I don’t mean you turn the program itself into a genetic algorithm. I’m saying that the agentic loop for producing code acts as one. The code itself is just regular code. And the loop isn’t really any more inefficient than what you do as a developer. It almost never happens that you write perfect code on a first try in practice. You’ll write some code, run your tests, look how it did, and iterate. That’s precisely the same process the agent follows.
The difference from a typical genetic algorithm is that the LLM is not just randomly generating text that eventually fits into the shape you specified. It’s generating code that’s already close to what’s intended most of the time, and it just needs a bit of massaging to get completely right. That’s the feedback loop here.
Sorry, I misspoke (miswrote?). I meant growing the code through a genetic-algorithm-like process. Though, fundamentally, I don’t think there’s that much difference between applying a selection process on randomized bytes and having an LLM churn on a codebase.
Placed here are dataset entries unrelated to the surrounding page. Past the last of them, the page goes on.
(* Let $\mathcal{A}$ be a unital Banach algebra with unit $I$. Suppose there are a constant $R>0$, an element $G\in\mathcal{A}$, a constant $C$, and a family $(A^{(\mu)})_{\mu\in M}$ of functions $r\mapsto A^{(\mu)}_r=I+rG+\mathfrak{S}^{(\mu)}_r\in\mathcal{A}$ on $\mathbb{R}_+$ such that $\|\mathfrak{S}^{(\mu)}_r\|\le r^2\frac{C^2}{2}$ for all $\mu\in M$ and all $r\le R$. Then for all intervals $[s,t]\subset\mathbb{R}_+$, all partitions $\alpha=\{s=t_0<t_1<\dots<t_n=t\}$ ($n\in\mathbb{N}$) of $[s,t]$ with $\|\alpha\|\le R$, and every choice of $\mu_1,\dots,\mu_n\in M$, $$\big\|A^{(\mu_1)}_{t_1-t_0}\cdots A^{(\mu_n)}_{t_n-t_{n-1}}-e^{(t-s)G}\big\|\le\|\alpha\|(t-s)\,e^{(t-s)\max(\|G\|,C)}\,\frac{C^2+\|G\|^2e^{\|\alpha\|\|G\|}}{2}.$$
   Context: For a partition $\alpha=\{s=t_0<t_1<\dots<t_n=t\}$, $\|\alpha\|:=\max_{0\le j\le n-1}(t_{j+1}-t_j)$. *)

theory Defs
  imports "HOL-Analysis.Analysis"
begin

text \<open>Mesh of a partition s = t 0 < t 1 < ... < t n = t (for n >= 1).\<close>
definition mesh :: "(nat \<Rightarrow> real) \<Rightarrow> nat \<Rightarrow> real" where
  "mesh tp n = Max ((\<lambda>j. tp (Suc j) - tp j) ` {..<n})"

end

theory Submission
  imports Defs
begin

text \<open>
  Lady Windermere's fan. Write \<open>exp((t - s) G)\<close> as the product of the \<open>exp(h G)\<close> over
  the increments \<open>h\<close> of the partition. Every factor \<open>A_h = 1 + h G + S_h\<close> and every
  \<open>exp(h G)\<close> has norm at most \<open>exp(h K)\<close> with \<open>K = max \<parallel>G\<parallel> C\<close>, so telescoping
  the difference of the two products bounds it by \<open>exp((t - s) K)\<close> times the sum of the
  local errors \<open>\<parallel>A_h - exp(h G)\<parallel> \<le> h\<^sup>2 (C\<^sup>2 + \<parallel>G\<parallel>\<^sup>2 exp(h \<parallel>G\<parallel>)) / 2\<close>, the latter
  coming from the Taylor remainder of the exponential. Finally \<open>h\<^sup>2 \<le> \<parallel>\<alpha>\<parallel> h\<close> and the
  increments sum to \<open>t - s\<close>.
\<close>

lemma norm_exp_minus_one_minus_le:
  fixes x :: "'a :: {real_normed_algebra_1, banach}"
  shows "norm (exp x - 1 - x) \<le> norm x ^ 2 / 2 * exp (norm x)"
proof -
  let ?f = "\<lambda>n. inverse (fact (n + 2)) *\<^sub>R (x ^ (n + 2))"
  let ?g = "\<lambda>n. norm x ^ 2 / 2 * (norm x ^ n /\<^sub>R fact n)"
  have series: "exp x - 1 - x = suminf ?f"
    using exp_first_two_terms[of x] by simp
  have summable_g: "summable ?g"
    by (intro summable_mult summable_exp_generic)
  have fact_bound: "2 * fact n \<le> (fact (n + 2) :: real)" for n
  proof -
    have "fact (n + 2) = real ((n + 2) * (n + 1)) * fact n"
      by (simp add: fact_Suc algebra_simps numeral_2_eq_2)
    then show ?thesis
      by (simp add: mult_right_mono)
  qed
  have termwise: "norm (?f n) \<le> ?g n" for n
  proof -
    have "norm (?f n) \<le> inverse (fact (n + 2)) * norm x ^ (n + 2)"
      using norm_power_ineq[of x "n + 2"] by (simp add: mult_left_mono)
    also have "\<dots> \<le> inverse (2 * fact n) * norm x ^ (n + 2)"
      using fact_bound[of n] by (intro mult_right_mono le_imp_inverse_le) auto
    also have "\<dots> = ?g n"
      by (simp add: power_add field_simps power2_eq_square)
    finally show ?thesis .
  qed
  have summable_norm_f: "summable (\<lambda>n. norm (?f n))"
    by (rule summable_comparison_test[OF _ summable_g]) (use termwise in auto)
  have "norm (suminf ?f) \<le> suminf (\<lambda>n. norm (?f n))"
    by (rule summable_norm[OF summable_norm_f])
  also have "\<dots> \<le> suminf ?g"
    by (rule suminf_le[OF termwise summable_norm_f summable_g])
  also have "\<dots> = norm x ^ 2 / 2 * suminf (\<lambda>n. norm x ^ n /\<^sub>R fact n)"
    by (rule suminf_mult[OF summable_exp_generic])
  also have "\<dots> = norm x ^ 2 / 2 * exp (norm x)"
    by (simp add: exp_def)
  finally show ?thesis
    using series by simp
qed

lemma prod_list_exp_scaleR:
  fixes G :: "'a :: {real_normed_algebra_1, banach}"
  shows "prod_list (map (\<lambda>j. exp (f j *\<^sub>R G)) xs) = exp (sum_list (map f xs) *\<^sub>R G)"
proof (induction xs)
  case Nil
  then show ?case by simp
next
  case (Cons a xs)
  have "exp ((f a + sum_list (map f xs)) *\<^sub>R G) = exp (f a *\<^sub>R G) * exp (sum_list (map f xs) *\<^sub>R G)"
    by (simp add: scaleR_add_left exp_add_commuting)
  with Cons show ?case by simp
qed

lemma norm_prod_list_le_exp:
  fixes Y :: "'i \<Rightarrow> 'a :: real_normed_algebra_1"
  assumes "\<And>i. i \<in> set xs \<Longrightarrow> norm (Y i) \<le> exp (k i)"
  shows "norm (prod_list (map Y xs)) \<le> exp (sum_list (map k xs))"
  using assms
proof (induction xs)
  case Nil
  then show ?case by simp
next
  case (Cons i xs)
  have "norm (Y i * prod_list (map Y xs)) \<le> norm (Y i) * norm (prod_list (map Y xs))"
    by (rule norm_mult_ineq)
  also have "\<dots> \<le> exp (k i) * exp (sum_list (map k xs))"
    using Cons by (intro mult_mono) auto
  finally show ?case
    by (simp add: exp_add)
qed

lemma norm_prod_list_diff_le:
  fixes X Y :: "'i \<Rightarrow> 'a :: real_normed_algebra_1"
  assumes "\<And>i. i \<in> set xs \<Longrightarrow> norm (X i) \<le> exp (k i)"
    and "\<And>i. i \<in> set xs \<Longrightarrow> norm (Y i) \<le> exp (k i)"
    and "\<And>i. i \<in> set xs \<Longrightarrow> 0 \<le> k i"
    and "\<And>i. i \<in> set xs \<Longrightarrow> norm (X i - Y i) \<le> e i"
  shows "norm (prod_list (map X xs) - prod_list (map Y xs))
           \<le> exp (sum_list (map k xs)) * sum_list (map e xs)"
  using assms
proof (induction xs)
  case Nil
  then show ?case by simp
next
  case (Cons i xs)
  let ?PX = "prod_list (map X xs)" and ?PY = "prod_list (map Y xs)"
  let ?K = "sum_list (map k xs)" and ?E = "sum_list (map e xs)"
  have IH: "norm (?PX - ?PY) \<le> exp ?K * ?E"
    using Cons by auto
  have PY: "norm ?PY \<le> exp ?K"
    using Cons.prems(2) by (intro norm_prod_list_le_exp) auto
  have Xi: "norm (X i) \<le> exp (k i)" and ki: "0 \<le> k i" and ei: "norm (X i - Y i) \<le> e i"
    using Cons.prems by auto
  have "X i * ?PX - Y i * ?PY = X i * (?PX - ?PY) + (X i - Y i) * ?PY"
    by (simp add: algebra_simps)
  then have "norm (X i * ?PX - Y i * ?PY) \<le> norm (X i) * norm (?PX - ?PY) + norm (X i - Y i) * norm ?PY"
    by (metis norm_triangle_le add_mono norm_mult_ineq)
  also have "\<dots> \<le> exp (k i) * (exp ?K * ?E) + e i * exp ?K"
    using IH Xi ei PY order_trans[OF norm_ge_zero ei] by (intro add_mono mult_mono) auto
  also have "\<dots> \<le> exp (k i) * (exp ?K * ?E) + e i * exp (k i + ?K)"
    using ki order_trans[OF norm_ge_zero ei] by (intro add_left_mono mult_left_mono) auto
  also have "\<dots> = exp (k i + ?K) * (e i + ?E)"
    by (simp add: exp_add algebra_simps)
  finally show ?case
    by simp
qed

lemma norm_first_order_le_exp:
  fixes G S :: "'a :: real_normed_algebra_1"
  assumes S_le: "norm S \<le> r^2 * C^2 / 2"
    and "0 \<le> r" "0 \<le> C" "norm G \<le> K" "C \<le> K"
  shows "norm (1 + r *\<^sub>R G + S) \<le> exp (r * K)"
proof -
  have "norm (1 + r *\<^sub>R G + S) \<le> 1 + r * norm G + r^2 * C^2 / 2"
    using S_le \<open>0 \<le> r\<close> by (smt (verit) norm_one norm_scaleR norm_triangle_ineq abs_of_nonneg)
  also have "\<dots> \<le> 1 + r * K + (r * K)^2 / 2"
    using assms by (auto simp: power_mult_distrib[symmetric] intro!: add_mono mult_left_mono power_mono)
  also have "\<dots> \<le> exp (r * K)"
    using assms by (intro exp_lower_Taylor_quadratic) simp
  finally show ?thesis .
qed

lemma norm_first_order_minus_exp_le:
  fixes G S :: "'a :: {real_normed_algebra_1, banach}"
  assumes S_le: "norm S \<le> r^2 * C^2 / 2"
    and "0 \<le> r" "r \<le> d"
  shows "norm (1 + r *\<^sub>R G + S - exp (r *\<^sub>R G))
           \<le> r * (d * (C^2 + norm G^2 * exp (d * norm G)) / 2)"
proof -
  have "1 + r *\<^sub>R G + S - exp (r *\<^sub>R G) = S - (exp (r *\<^sub>R G) - 1 - r *\<^sub>R G)"
    by (simp add: algebra_simps)
  then have "norm (1 + r *\<^sub>R G + S - exp (r *\<^sub>R G))
               \<le> norm S + norm (exp (r *\<^sub>R G) - 1 - r *\<^sub>R G)"
    by (metis norm_triangle_ineq4)
  also have "\<dots> \<le> r^2 * C^2 / 2 + (r * norm G)^2 / 2 * exp (r * norm G)"
    using S_le norm_exp_minus_one_minus_le[of "r *\<^sub>R G"] \<open>0 \<le> r\<close> by simp
  also have "\<dots> = r * (r * (C^2 + norm G^2 * exp (r * norm G)) / 2)"
    by (simp add: power2_eq_square algebra_simps)
  also have "\<dots> \<le> r * (d * (C^2 + norm G^2 * exp (d * norm G)) / 2)"
    using assms by (intro mult_left_mono divide_right_mono mult_mono add_mono) (auto simp: mult_right_mono)
  finally show ?thesis .
qed

lemma increment_le_mesh:
  assumes "j < n"
  shows "tp (Suc j) - tp j \<le> mesh tp n"
  unfolding mesh_def using assms by (intro Max_ge) auto

lemma sum_list_increments:
  fixes tp :: "nat \<Rightarrow> 'a :: ab_group_add"
  shows "sum_list (map (\<lambda>j. tp (Suc j) - tp j) [0..<n]) = tp n - tp 0"
proof -
  have "sum_list (map (\<lambda>j. tp (Suc j) - tp j) [0..<n]) = (\<Sum>j<n. tp (Suc j) - tp j)"
    by (simp add: sum_set_upt_conv_sum_list_nat[symmetric] atLeast0LessThan)
  then show ?thesis
    by (simp add: sum_lessThan_telescope)
qed

theorem lemma4p1:
  fixes G :: "'a :: {real_normed_algebra_1, banach}"
    and A S :: "'m \<Rightarrow> real \<Rightarrow> 'a"
    and M :: "'m set"
    and R C s t :: real
    and n :: nat
    and tp :: "nat \<Rightarrow> real"
    and \<mu> :: "nat \<Rightarrow> 'm"
  assumes R_pos: "R > 0"
    and C_nonneg: "C \<ge> 0"
    and A_def: "\<And>m r. m \<in> M \<Longrightarrow> r \<ge> 0 \<Longrightarrow> A m r = 1 + r *\<^sub>R G + S m r"
    and S_bound: "\<And>m r. m \<in> M \<Longrightarrow> 0 \<le> r \<Longrightarrow> r \<le> R \<Longrightarrow> norm (S m r) \<le> r^2 * C^2 / 2"
    and s_nonneg: "0 \<le> s"
    and n_pos: "n \<ge> 1"
    and tp_start: "tp 0 = s"
    and tp_end: "tp n = t"
    and tp_incr: "\<And>j. j < n \<Longrightarrow> tp j < tp (Suc j)"
    and mesh_le: "mesh tp n \<le> R"
    and \<mu>_in: "\<And>i. 1 \<le> i \<Longrightarrow> i \<le> n \<Longrightarrow> \<mu> i \<in> M"
  shows "norm (prod_list (map (\<lambda>j. A (\<mu> (Suc j)) (tp (Suc j) - tp j)) [0..<n])
                - exp ((t - s) *\<^sub>R G))
         \<le> mesh tp n * (t - s) * exp ((t - s) * max (norm G) C)
            * (C^2 + (norm G)^2 * exp (mesh tp n * norm G)) / 2"
proof -
  define h where "h j = tp (Suc j) - tp j" for j
  define K where "K = max (norm G) C"
  define c where "c = mesh tp n * (C^2 + norm G^2 * exp (mesh tp n * norm G)) / 2"
  have h_sum: "sum_list (map h [0..<n]) = t - s"
    using sum_list_increments[of tp n] unfolding h_def by (simp add: tp_start tp_end)
  have "prod_list (map (\<lambda>j. A (\<mu> (Suc j)) (tp (Suc j) - tp j)) [0..<n]) - exp ((t - s) *\<^sub>R G)
          = prod_list (map (\<lambda>j. A (\<mu> (Suc j)) (h j)) [0..<n])
              - prod_list (map (\<lambda>j. exp (h j *\<^sub>R G)) [0..<n])"
    unfolding prod_list_exp_scaleR h_sum by (simp add: h_def)
  also have "norm \<dots> \<le> exp (sum_list (map (\<lambda>j. h j * K) [0..<n])) * sum_list (map (\<lambda>j. h j * c) [0..<n])"
  proof (rule norm_prod_list_diff_le)
    fix j assume "j \<in> set [0..<n]"
    then have j: "j < n" by simp
    then have h: "0 \<le> h j" "h j \<le> mesh tp n" "h j \<le> R" and \<mu>j: "\<mu> (Suc j) \<in> M"
      using tp_incr[OF j] increment_le_mesh[OF j, of tp] mesh_le \<mu>_in[of "Suc j"] by (auto simp: h_def)
    then have A_eq: "A (\<mu> (Suc j)) (h j) = 1 + h j *\<^sub>R G + S (\<mu> (Suc j)) (h j)"
      and S_le: "norm (S (\<mu> (Suc j)) (h j)) \<le> h j ^ 2 * C ^ 2 / 2"
      using A_def S_bound by auto
    show "0 \<le> h j * K"
      using h C_nonneg by (simp add: K_def)
    show "norm (A (\<mu> (Suc j)) (h j)) \<le> exp (h j * K)"
      unfolding A_eq using norm_first_order_le_exp[OF S_le h(1) C_nonneg] by (simp add: K_def)
    show "norm (exp (h j *\<^sub>R G)) \<le> exp (h j * K)"
      using norm_exp[of "h j *\<^sub>R G"] h by (auto simp: K_def mult_left_mono intro: order_trans)
    show "norm (A (\<mu> (Suc j)) (h j) - exp (h j *\<^sub>R G)) \<le> h j * c"
      unfolding A_eq c_def using S_le h by (intro norm_first_order_minus_exp_le)
  qed
  also have "\<dots> = exp ((t - s) * K) * ((t - s) * c)"
    by (simp add: sum_list_mult_const h_sum)
  finally show ?thesis
    by (simp add: K_def c_def algebra_simps)
qed

end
I feel like you’re only considering the time it takes to reach a particular solution when considering what is inefficient - in which case I would agree it’s probably a wash. However, I don’t think an LLM is less energy-hungry than my own body, and I learn by doing, effectively reducing the cost of future coding iterations. I guess if I could run the LLM and surrounding hardware entirely off of solar power I wouldn’t mind nearly as much - though there’s still that part of banging my head against a problem that I believe is crucial for my own growth. I think that, over time and problems/projects, this compounds in a way that letting the LLM figure out the gritty details just won’t.
I think I agree with your last paragraph, though I do wish the LLM was capable of needing less massaging the more it runs. I hope we’ll be able to figure out how to achieve effectively infinite context length so that it doesn’t have to “forget” all of the previous tasks I’ve had it work on.